Knowledge vs Practice
Workplace training should contain both educational and experiential components. Since cyber threats have real-world implications, it is important to have a hands-on component where each individual can learn for themselves through repetitive practice. This is a tactical approach that is designed to supplement your educational modules. It tests the retention and understanding of the information. Some organizations implement hands-on practice sessions in the form of a quiz with required and tracked scores, and other organizations gamify the process.
Ongoing Training
It’s one thing to be taught something, but it’s another to be able to apply those principles in a real-world environment. A critical component of workplace cybersecurity training is ongoing training that tests employees' knowledge. This type of training may take the shape of simulated phishing attacks or other approaches that test whether your employees are able to practice what they have been taught. This ongoing training is especially useful because it has measurable results and provides a framework for individual compliance and ability. Since these attacks are orchestrated and monitored by your security operations team, you will be able to track who successfully reports the simulated attacks and who falls victim to it. Your team will then be able to provide additional training to those who need it.

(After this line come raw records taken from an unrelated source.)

(* Let $\alpha\in[1,2]$, $1\le n\le m$, and fix a weight vector $\omega=(\omega_1,\dots,\omega_n)$ with $\omega_j\ge0$, $\sum_j\omega_j=1$. Over all $n$-tuples $(\rho_1,\dots,\rho_n)$ of $m\times m$ density matrices, the quantum Jensen–Tsallis divergence $D_\alpha^\omega(\rho_1,\dots,\rho_n)$ attains its maximum value at the degenerate matrices $\rho_j=\delta_j$, $j=1,\dots,n$, where $\delta_j=\mathrm{diag}(0,\dots,0,1,0,\dots,0)$ is the $m\times m$ diagonal matrix whose $j$-th diagonal entry is $1$ and all other entries are $0$.
   Context: An $m\times m$ density matrix is a real symmetric positive semidefinite $m\times m$ matrix with trace $1$. For $\alpha\in(0,1)\cup(1,\infty)$, the quantum Tsallis entropy is $H_\alpha(\rho)=\frac{1}{1-\alpha}\bigl(\mathrm{tr}(\rho^\alpha)-1\bigr)$ ($\rho^\alpha$ via spectral decomposition); for $\alpha=1$, $H_1(\rho)=-\mathrm{tr}(\rho\log\rho)$ is the von Neumann entropy (with $0\log0=0$). The quantum Jensen–Tsallis divergence of density matrices $\rho_1,\dots,\rho_n$ with weights $\omega$ is $$D_\alpha^{\omega}(\rho_1,\dots,\rho_n)=H_\alpha\Bigl(\sum_{j=1}^n\omega_j\rho_j\Bigr)-\sum_{j=1}^n\omega_jH_\alpha(\rho_j).$$ *)

theory Defs
  imports Complex_Main "Jordan_Normal_Form.Matrix"
begin

text \<open>Real m x m matrices are represented by the Jordan_Normal_Form type real mat
  (with explicit dimension); indices are 0-based.\<close>

definition mat_trace :: "real mat \<Rightarrow> real" where
  "mat_trace A = (\<Sum>i<dim_row A. A $$ (i, i))"

definition density_mat :: "nat \<Rightarrow> real mat \<Rightarrow> bool" where
  "density_mat m \<rho> \<longleftrightarrow> \<rho> \<in> carrier_mat m m \<and> transpose_mat \<rho> = \<rho>
     \<and> (\<forall>v \<in> carrier_vec m. v \<bullet> (\<rho> *\<^sub>v v) \<ge> 0) \<and> mat_trace \<rho> = 1"

definition mat_fun :: "(real \<Rightarrow> real) \<Rightarrow> real mat \<Rightarrow> real mat" where
  "mat_fun f A = (let m = dim_row A in
     SOME B. \<exists>U d. U \<in> carrier_mat m m \<and> transpose_mat U * U = 1\<^sub>m m
        \<and> A = U * mat_diag m d * transpose_mat U
        \<and> B = U * mat_diag m (\<lambda>i. f (d i)) * transpose_mat U)"

text \<open>Quantum Tsallis entropy; for alpha = 1 the von Neumann entropy
  (note x * ln x = 0 at x = 0 in Isabelle, matching 0 log 0 = 0).\<close>
definition tsallis_entropy :: "real \<Rightarrow> real mat \<Rightarrow> real" where
  "tsallis_entropy \<alpha> \<rho> =
     (if \<alpha> = 1 then - mat_trace (mat_fun (\<lambda>x. x * ln x) \<rho>)
      else (mat_trace (mat_fun (\<lambda>x. x powr \<alpha>) \<rho>) - 1) / (1 - \<alpha>))"

definition weighted_mat_sum :: "nat \<Rightarrow> nat \<Rightarrow> (nat \<Rightarrow> real) \<Rightarrow> (nat \<Rightarrow> real mat) \<Rightarrow> real mat" where
  "weighted_mat_sum m n \<omega> \<rho> = mat m m (\<lambda>(i, k). \<Sum>j<n. \<omega> j * \<rho> j $$ (i, k))"

definition jensen_tsallis :: "real \<Rightarrow> nat \<Rightarrow> nat \<Rightarrow> (nat \<Rightarrow> real) \<Rightarrow> (nat \<Rightarrow> real mat) \<Rightarrow> real" where
  "jensen_tsallis \<alpha> m n \<omega> \<rho> =
     tsallis_entropy \<alpha> (weighted_mat_sum m n \<omega> \<rho>) - (\<Sum>j<n. \<omega> j * tsallis_entropy \<alpha> (\<rho> j))"

definition delta_mat :: "nat \<Rightarrow> nat \<Rightarrow> real mat" where
  "delta_mat m j = mat_diag m (\<lambda>i. if i = j then 1 else 0)"

end

(*
  Diagonalise each density matrix as \<rho>\<^sub>j = \<Sum>\<^sub>k q\<^sub>j\<^sub>k u\<^sub>j\<^sub>k u\<^sub>j\<^sub>k\<^sup>T. The mixture \<Sum>\<^sub>j \<omega>\<^sub>j \<rho>\<^sub>j is then a
  combination of unit rank-one projections with weights \<omega>\<^sub>j q\<^sub>j\<^sub>k, and comparing this with its own
  eigendecomposition yields a doubly substochastic matrix carrying its eigenvalues onto these weights.
  By Jensen's inequality for the convex function t\<^sup>\<alpha> (resp. t ln t) the quantum Tsallis entropy of the
  mixture is therefore at most the classical Tsallis entropy of the joint distribution (\<omega>\<^sub>j q\<^sub>j\<^sub>k).
  Hence the divergence is at most H(\<omega> \<otimes> q) - \<Sum>\<^sub>j \<omega>\<^sub>j H(q\<^sub>j) \<le> H(\<omega>), where the last inequality is the
  classical chain rule (an equality for \<alpha> = 1). For the matrices \<delta>\<^sub>j the divergence is exactly H(\<omega>).
*)

theory Submission
  imports Defs "HOL-Analysis.Convex" "Jordan_Normal_Form.Char_Poly"
begin
lemma self_adjoint_matrix_inv:
  fixes S :: "real^'n^'n"
  assumes "self_adjoint S" and "invertible S"
  shows "self_adjoint (matrix_inv S)"
  unfolding self_adjoint_def
proof (intro allI)
  fix x y
  have "x \<bullet> (matrix_inv S *v y) = (S *v (matrix_inv S *v x)) \<bullet> (matrix_inv S *v y)"
    by (simp add: matrix_inv_cancel assms(2))
  also have "\<dots> = (matrix_inv S *v x) \<bullet> (S *v (matrix_inv S *v y))"
    using assms(1) unfolding self_adjoint_def by metis
  also have "\<dots> = (matrix_inv S *v x) \<bullet> y"
    by (simp add: matrix_inv_cancel assms(2))
  finally show "x \<bullet> (matrix_inv S *v y) = (matrix_inv S *v x) \<bullet> y" .
qed

lemma norm_matrix_inv_vector_le:
  fixes S :: "real^'n^'n"
  assumes "0 < c" and S: "\<And>u. c * (norm u)\<^sup>2 \<le> u \<bullet> (S *v u)"
  shows "norm (matrix_inv S *v v) \<le> norm v / c"
proof -
  define w where "w = matrix_inv S *v v"
  have "S *v w = v"
    unfolding w_def by (rule matrix_inv_cancel(1)[OF invertible_if_quadratic_form_ge[OF assms]])
  then have "c * (norm w)\<^sup>2 \<le> norm w * norm v"
    using S[of w] norm_cauchy_schwarz[of w v] by simp
  then have "c * norm w \<le> norm v"
    by (cases "w = 0") (auto simp: power2_eq_square)
  then show ?thesis
    using assms(1) by (simp add: w_def field_simps)
qed

text \<open>The resolvent identity \<open>S\<inverse> - T\<inverse> = S\<inverse> (T - S) T\<inverse>\<close>.\<close>

lemma norm_matrix_inv_diff_le:
  fixes S T :: "real^'n^'n"
  assumes "0 < c"
    and S: "\<And>u. c * (norm u)\<^sup>2 \<le> u \<bullet> (S *v u)" and T: "\<And>u. c * (norm u)\<^sup>2 \<le> u \<bullet> (T *v u)"
  shows "norm (matrix_inv S *v r - matrix_inv T *v r) \<le> spec_norm (S - T) / c\<^sup>2 * norm r"
proof -
  define w where "w = matrix_inv T *v r"
  have "r = T *v w"
    unfolding w_def by (rule matrix_inv_cancel(1)[OF invertible_if_quadratic_form_ge[OF assms(1) T], symmetric])
  then have "matrix_inv S *v r - w = - (matrix_inv S *v ((S - T) *v w))"
    by (simp add: matrix_vector_mult_diff_rdistrib matrix_vector_mult_diff_distrib
        matrix_inv_cancel(2)[OF invertible_if_quadratic_form_ge[OF assms(1) S]])
  then have "norm (matrix_inv S *v r - w) \<le> norm ((S - T) *v w) / c"
    using norm_matrix_inv_vector_le[OF assms(1) S] by simp
  also have "\<dots> \<le> spec_norm (S - T) * norm w / c"
    using norm_matrix_vector_le_spec_norm[of "S - T" w] assms(1) by (simp add: divide_right_mono)
  also have "\<dots> \<le> spec_norm (S - T) * (norm r / c) / c"
    using norm_matrix_inv_vector_le[OF assms(1) T, of r] spec_norm_nonneg[of "S - T"] assms(1)
    unfolding w_def by (intro divide_right_mono mult_left_mono) simp_all
  finally show ?thesis
    by (simp add: w_def power2_eq_square)
qed
lemma cheb_factor_props:
  assumes "p \<in> {1, cheb a, cheb b, cheb a * cheb b}" "a \<le> A" "b < k"
  shows "(even_poly p \<or> odd_poly p) \<and> degree p \<le> A + k - 1 \<and> supnorm p \<le> 1"
proof (intro conjI)
  have "\<exists>n. \<forall>x. poly p (-x) = (-1) ^ n * poly p x"
    using assms(1)
  proof (elim insertE emptyE)
    assume "p = cheb a * cheb b"
    then show ?thesis by (intro exI[of _ "a + b"]) (simp add: poly_cheb_minus power_add)
  qed (auto simp: poly_cheb_minus intro: exI[of _ 0])
  then show "even_poly p \<or> odd_poly p" using even_or_odd_polyI by blast
  show "degree p \<le> A + k - 1"
    using assms degree_mult_le[of "cheb a" "cheb b"] by (auto simp: degree_cheb)
  show "supnorm p \<le> 1"
  proof (rule supnorm_le)
    fix x :: real assume "x \<in> {-1..1}"
    then show "\<bar>poly p x\<bar> \<le> 1"
      using assms(1) abs_poly_cheb_le_1[of x a] abs_poly_cheb_le_1[of x b]
      by (auto simp: abs_mult mult_le_one)
  qed
qed

lemma prod_atLeastAtMost_if_le:
  assumes "j \<le> k"
  shows "(\<Prod>s\<in>{1..k}. if s \<le> j then c else 1) = c ^ j"
proof -
  have "{1..k} \<inter> {s. s \<le> j} = {1..j}" using assms by auto
  then show ?thesis by (simp add: prod.If_cases)
qed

What Should Be Included In Workplace Cybersecurity Training?
There are a few things to keep in mind when determining what should be included in your company's workplace cybersecurity training.
Include anything that may be required under federal and local laws.
Make sure to review your company policy in the training so employees are clear on what you expect and any consequences of failing to meet those expectations.
Consider what information will best prepare them for the types of attacks that are most likely to come their way.
Here are a few examples of the things that should be included in a workplace cybersecurity training.
Company Policies
Everyone in your organization needs to understand what your company policies are and how to comply with them. Here are ten examples of common cybersecurity policies.
Company, personal, and private information being sent through encryption software
Mandatory password changing every 45-90 days
Minimum password complexity requirements
Required use of a VPN when not on company internet
Use of secure employee ID to get into company offices
No tailgating at company offices (Tailgating is when an employee opens a door with their secure ID and then allows others to pass through the door without scanning their IDs.)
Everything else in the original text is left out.